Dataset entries
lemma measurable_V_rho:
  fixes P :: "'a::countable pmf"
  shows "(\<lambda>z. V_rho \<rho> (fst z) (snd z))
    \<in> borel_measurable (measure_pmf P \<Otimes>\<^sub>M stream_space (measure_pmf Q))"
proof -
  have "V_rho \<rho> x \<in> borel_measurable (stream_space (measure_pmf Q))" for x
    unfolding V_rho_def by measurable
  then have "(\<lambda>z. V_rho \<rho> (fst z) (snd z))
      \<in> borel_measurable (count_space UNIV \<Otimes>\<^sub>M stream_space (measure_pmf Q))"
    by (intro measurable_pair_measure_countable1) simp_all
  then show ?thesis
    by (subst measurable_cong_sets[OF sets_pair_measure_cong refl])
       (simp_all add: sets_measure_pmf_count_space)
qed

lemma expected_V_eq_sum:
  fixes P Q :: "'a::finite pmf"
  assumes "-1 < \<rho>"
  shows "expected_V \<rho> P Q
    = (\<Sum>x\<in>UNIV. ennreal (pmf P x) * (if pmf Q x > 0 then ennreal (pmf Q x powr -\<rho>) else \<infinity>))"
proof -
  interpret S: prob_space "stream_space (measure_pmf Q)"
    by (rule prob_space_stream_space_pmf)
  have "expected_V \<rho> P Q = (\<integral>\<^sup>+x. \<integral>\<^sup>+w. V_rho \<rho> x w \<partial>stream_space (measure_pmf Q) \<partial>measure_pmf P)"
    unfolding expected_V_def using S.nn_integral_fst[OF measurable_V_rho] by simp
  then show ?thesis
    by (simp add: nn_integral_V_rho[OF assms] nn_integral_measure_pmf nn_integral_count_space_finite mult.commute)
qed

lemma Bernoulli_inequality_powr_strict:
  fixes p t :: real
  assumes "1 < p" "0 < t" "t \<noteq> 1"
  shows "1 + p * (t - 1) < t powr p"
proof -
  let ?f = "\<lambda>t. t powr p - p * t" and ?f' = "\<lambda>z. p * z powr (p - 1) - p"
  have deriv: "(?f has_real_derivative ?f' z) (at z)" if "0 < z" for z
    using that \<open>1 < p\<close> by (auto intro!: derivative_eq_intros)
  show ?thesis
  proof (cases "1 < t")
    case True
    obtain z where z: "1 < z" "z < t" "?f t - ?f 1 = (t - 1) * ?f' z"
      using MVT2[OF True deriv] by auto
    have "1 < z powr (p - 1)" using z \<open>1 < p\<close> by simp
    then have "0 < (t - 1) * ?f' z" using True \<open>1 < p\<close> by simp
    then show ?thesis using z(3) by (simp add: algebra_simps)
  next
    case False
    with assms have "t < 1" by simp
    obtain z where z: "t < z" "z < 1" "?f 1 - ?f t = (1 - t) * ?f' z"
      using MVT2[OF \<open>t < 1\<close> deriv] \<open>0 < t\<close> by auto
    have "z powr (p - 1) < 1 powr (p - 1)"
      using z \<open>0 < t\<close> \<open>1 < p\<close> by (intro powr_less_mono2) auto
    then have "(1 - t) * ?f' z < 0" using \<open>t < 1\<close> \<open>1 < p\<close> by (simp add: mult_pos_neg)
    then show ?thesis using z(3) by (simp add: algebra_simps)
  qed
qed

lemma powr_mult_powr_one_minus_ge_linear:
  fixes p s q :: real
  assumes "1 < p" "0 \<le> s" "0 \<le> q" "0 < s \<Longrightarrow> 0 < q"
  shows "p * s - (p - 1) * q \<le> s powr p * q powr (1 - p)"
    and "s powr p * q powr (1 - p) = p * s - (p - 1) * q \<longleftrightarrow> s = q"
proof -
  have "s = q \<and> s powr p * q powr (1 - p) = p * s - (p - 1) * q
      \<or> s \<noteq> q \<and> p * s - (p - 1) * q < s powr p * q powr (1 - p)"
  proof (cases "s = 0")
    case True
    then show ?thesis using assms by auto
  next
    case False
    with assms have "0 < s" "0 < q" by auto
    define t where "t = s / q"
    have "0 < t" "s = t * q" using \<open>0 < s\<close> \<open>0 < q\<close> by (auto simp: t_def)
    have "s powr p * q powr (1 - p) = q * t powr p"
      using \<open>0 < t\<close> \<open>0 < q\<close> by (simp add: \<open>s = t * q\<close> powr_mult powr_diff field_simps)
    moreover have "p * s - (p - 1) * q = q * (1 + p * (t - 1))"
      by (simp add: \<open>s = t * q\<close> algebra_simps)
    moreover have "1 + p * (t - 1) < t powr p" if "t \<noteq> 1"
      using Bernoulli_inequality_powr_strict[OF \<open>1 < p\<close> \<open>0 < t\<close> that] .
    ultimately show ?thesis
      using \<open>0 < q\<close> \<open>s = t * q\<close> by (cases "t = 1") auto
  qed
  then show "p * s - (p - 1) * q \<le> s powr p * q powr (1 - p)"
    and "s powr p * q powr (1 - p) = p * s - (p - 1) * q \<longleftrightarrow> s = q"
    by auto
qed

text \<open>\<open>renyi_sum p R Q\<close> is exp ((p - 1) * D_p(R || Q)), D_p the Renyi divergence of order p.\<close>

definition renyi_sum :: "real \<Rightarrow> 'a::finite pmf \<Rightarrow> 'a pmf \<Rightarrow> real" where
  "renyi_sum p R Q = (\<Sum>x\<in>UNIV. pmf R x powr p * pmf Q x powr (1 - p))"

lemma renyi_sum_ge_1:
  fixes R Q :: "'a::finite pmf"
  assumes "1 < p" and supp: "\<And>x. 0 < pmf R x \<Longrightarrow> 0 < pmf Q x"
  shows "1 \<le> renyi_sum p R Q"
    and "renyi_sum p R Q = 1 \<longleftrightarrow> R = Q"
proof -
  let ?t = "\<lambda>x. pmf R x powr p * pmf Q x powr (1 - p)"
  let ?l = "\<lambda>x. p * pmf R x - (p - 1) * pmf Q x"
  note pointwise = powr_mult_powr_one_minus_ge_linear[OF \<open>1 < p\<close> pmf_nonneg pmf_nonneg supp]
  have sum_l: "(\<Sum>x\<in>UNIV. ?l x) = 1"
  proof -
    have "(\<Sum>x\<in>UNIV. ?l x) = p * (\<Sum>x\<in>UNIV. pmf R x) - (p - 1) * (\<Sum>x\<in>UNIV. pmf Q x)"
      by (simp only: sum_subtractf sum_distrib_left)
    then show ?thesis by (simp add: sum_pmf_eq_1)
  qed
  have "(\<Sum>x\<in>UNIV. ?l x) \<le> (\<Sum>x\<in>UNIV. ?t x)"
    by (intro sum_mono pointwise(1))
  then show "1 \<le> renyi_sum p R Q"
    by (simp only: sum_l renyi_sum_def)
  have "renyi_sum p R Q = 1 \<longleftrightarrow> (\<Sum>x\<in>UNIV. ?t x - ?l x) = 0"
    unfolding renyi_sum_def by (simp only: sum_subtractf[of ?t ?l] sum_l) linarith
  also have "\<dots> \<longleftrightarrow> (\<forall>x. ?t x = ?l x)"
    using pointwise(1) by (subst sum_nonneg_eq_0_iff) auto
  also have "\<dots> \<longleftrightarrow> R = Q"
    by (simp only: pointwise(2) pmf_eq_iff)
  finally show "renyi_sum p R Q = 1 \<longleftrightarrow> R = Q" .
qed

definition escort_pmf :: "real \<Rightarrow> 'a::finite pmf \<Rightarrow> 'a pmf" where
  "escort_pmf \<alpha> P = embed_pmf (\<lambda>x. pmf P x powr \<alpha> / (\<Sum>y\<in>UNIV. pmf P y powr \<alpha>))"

**What you will do**
Your answer must consist of every line above, reproduced exactly.

**Answer section**
lemma measurable_V_rho:
  fixes P :: "'a::countable pmf"
  shows "(\<lambda>z. V_rho \<rho> (fst z) (snd z))
    \<in> borel_measurable (measure_pmf P \<Otimes>\<^sub>M stream_space (measure_pmf Q))"
proof -
  have "V_rho \<rho> x \<in> borel_measurable (stream_space (measure_pmf Q))" for x
    unfolding V_rho_def by measurable
  then have "(\<lambda>z. V_rho \<rho> (fst z) (snd z))
      \<in> borel_measurable (count_space UNIV \<Otimes>\<^sub>M stream_space (measure_pmf Q))"
    by (intro measurable_pair_measure_countable1) simp_all
  then show ?thesis
    by (subst measurable_cong_sets[OF sets_pair_measure_cong refl])
       (simp_all add: sets_measure_pmf_count_space)
qed

lemma expected_V_eq_sum:
  fixes P Q :: "'a::finite pmf"
  assumes "-1 < \<rho>"
  shows "expected_V \<rho> P Q
    = (\<Sum>x\<in>UNIV. ennreal (pmf P x) * (if pmf Q x > 0 then ennreal (pmf Q x powr -\<rho>) else \<infinity>))"
proof -
  interpret S: prob_space "stream_space (measure_pmf Q)"
    by (rule prob_space_stream_space_pmf)
  have "expected_V \<rho> P Q = (\<integral>\<^sup>+x. \<integral>\<^sup>+w. V_rho \<rho> x w \<partial>stream_space (measure_pmf Q) \<partial>measure_pmf P)"
    unfolding expected_V_def using S.nn_integral_fst[OF measurable_V_rho] by simp
  then show ?thesis
    by (simp add: nn_integral_V_rho[OF assms] nn_integral_measure_pmf nn_integral_count_space_finite mult.commute)
qed

lemma Bernoulli_inequality_powr_strict:
  fixes p t :: real
  assumes "1 < p" "0 < t" "t \<noteq> 1"
  shows "1 + p * (t - 1) < t powr p"
proof -
  let ?f = "\<lambda>t. t powr p - p * t" and ?f' = "\<lambda>z. p * z powr (p - 1) - p"
  have deriv: "(?f has_real_derivative ?f' z) (at z)" if "0 < z" for z
    using that \<open>1 < p\<close> by (auto intro!: derivative_eq_intros)
  show ?thesis
  proof (cases "1 < t")
    case True
    obtain z where z: "1 < z" "z < t" "?f t - ?f 1 = (t - 1) * ?f' z"
      using MVT2[OF True deriv] by auto
    have "1 < z powr (p - 1)" using z \<open>1 < p\<close> by simp
    then have "0 < (t - 1) * ?f' z" using True \<open>1 < p\<close> by simp
    then show ?thesis using z(3) by (simp add: algebra_simps)
  next
    case False
    with assms have "t < 1" by simp
    obtain z where z: "t < z" "z < 1" "?f 1 - ?f t = (1 - t) * ?f' z"
      using MVT2[OF \<open>t < 1\<close> deriv] \<open>0 < t\<close> by auto
    have "z powr (p - 1) < 1 powr (p - 1)"
      using z \<open>0 < t\<close> \<open>1 < p\<close> by (intro powr_less_mono2) auto
    then have "(1 - t) * ?f' z < 0" using \<open>t < 1\<close> \<open>1 < p\<close> by (simp add: mult_pos_neg)
    then show ?thesis using z(3) by (simp add: algebra_simps)
  qed
qed

lemma powr_mult_powr_one_minus_ge_linear:
  fixes p s q :: real
  assumes "1 < p" "0 \<le> s" "0 \<le> q" "0 < s \<Longrightarrow> 0 < q"
  shows "p * s - (p - 1) * q \<le> s powr p * q powr (1 - p)"
    and "s powr p * q powr (1 - p) = p * s - (p - 1) * q \<longleftrightarrow> s = q"
proof -
  have "s = q \<and> s powr p * q powr (1 - p) = p * s - (p - 1) * q
      \<or> s \<noteq> q \<and> p * s - (p - 1) * q < s powr p * q powr (1 - p)"
  proof (cases "s = 0")
    case True
    then show ?thesis using assms by auto
  next
    case False
    with assms have "0 < s" "0 < q" by auto
    define t where "t = s / q"
    have "0 < t" "s = t * q" using \<open>0 < s\<close> \<open>0 < q\<close> by (auto simp: t_def)
    have "s powr p * q powr (1 - p) = q * t powr p"
      using \<open>0 < t\<close> \<open>0 < q\<close> by (simp add: \<open>s = t * q\<close> powr_mult powr_diff field_simps)
    moreover have "p * s - (p - 1) * q = q * (1 + p * (t - 1))"
      by (simp add: \<open>s = t * q\<close> algebra_simps)
    moreover have "1 + p * (t - 1) < t powr p" if "t \<noteq> 1"
      using Bernoulli_inequality_powr_strict[OF \<open>1 < p\<close> \<open>0 < t\<close> that] .
    ultimately show ?thesis
      using \<open>0 < q\<close> \<open>s = t * q\<close> by (cases "t = 1") auto
  qed
  then show "p * s - (p - 1) * q \<le> s powr p * q powr (1 - p)"
    and "s powr p * q powr (1 - p) = p * s - (p - 1) * q \<longleftrightarrow> s = q"
    by auto
qed

text \<open>\<open>renyi_sum p R Q\<close> is exp ((p - 1) * D_p(R || Q)), D_p the Renyi divergence of order p.\<close>

definition renyi_sum :: "real \<Rightarrow> 'a::finite pmf \<Rightarrow> 'a pmf \<Rightarrow> real" where
  "renyi_sum p R Q = (\<Sum>x\<in>UNIV. pmf R x powr p * pmf Q x powr (1 - p))"

lemma renyi_sum_ge_1:
  fixes R Q :: "'a::finite pmf"
  assumes "1 < p" and supp: "\<And>x. 0 < pmf R x \<Longrightarrow> 0 < pmf Q x"
  shows "1 \<le> renyi_sum p R Q"
    and "renyi_sum p R Q = 1 \<longleftrightarrow> R = Q"
proof -
  let ?t = "\<lambda>x. pmf R x powr p * pmf Q x powr (1 - p)"
  let ?l = "\<lambda>x. p * pmf R x - (p - 1) * pmf Q x"
  note pointwise = powr_mult_powr_one_minus_ge_linear[OF \<open>1 < p\<close> pmf_nonneg pmf_nonneg supp]
  have sum_l: "(\<Sum>x\<in>UNIV. ?l x) = 1"
  proof -
    have "(\<Sum>x\<in>UNIV. ?l x) = p * (\<Sum>x\<in>UNIV. pmf R x) - (p - 1) * (\<Sum>x\<in>UNIV. pmf Q x)"
      by (simp only: sum_subtractf sum_distrib_left)
    then show ?thesis by (simp add: sum_pmf_eq_1)
  qed
  have "(\<Sum>x\<in>UNIV. ?l x) \<le> (\<Sum>x\<in>UNIV. ?t x)"
    by (intro sum_mono pointwise(1))
  then show "1 \<le> renyi_sum p R Q"
    by (simp only: sum_l renyi_sum_def)
  have "renyi_sum p R Q = 1 \<longleftrightarrow> (\<Sum>x\<in>UNIV. ?t x - ?l x) = 0"
    unfolding renyi_sum_def by (simp only: sum_subtractf[of ?t ?l] sum_l) linarith
  also have "\<dots> \<longleftrightarrow> (\<forall>x. ?t x = ?l x)"
    using pointwise(1) by (subst sum_nonneg_eq_0_iff) auto
  also have "\<dots> \<longleftrightarrow> R = Q"
    by (simp only: pointwise(2) pmf_eq_iff)
  finally show "renyi_sum p R Q = 1 \<longleftrightarrow> R = Q" .
qed

definition escort_pmf :: "real \<Rightarrow> 'a::finite pmf \<Rightarrow> 'a pmf" where
  "escort_pmf \<alpha> P = embed_pmf (\<lambda>x. pmf P x powr \<alpha> / (\<Sum>y\<in>UNIV. pmf P y powr \<alpha>))"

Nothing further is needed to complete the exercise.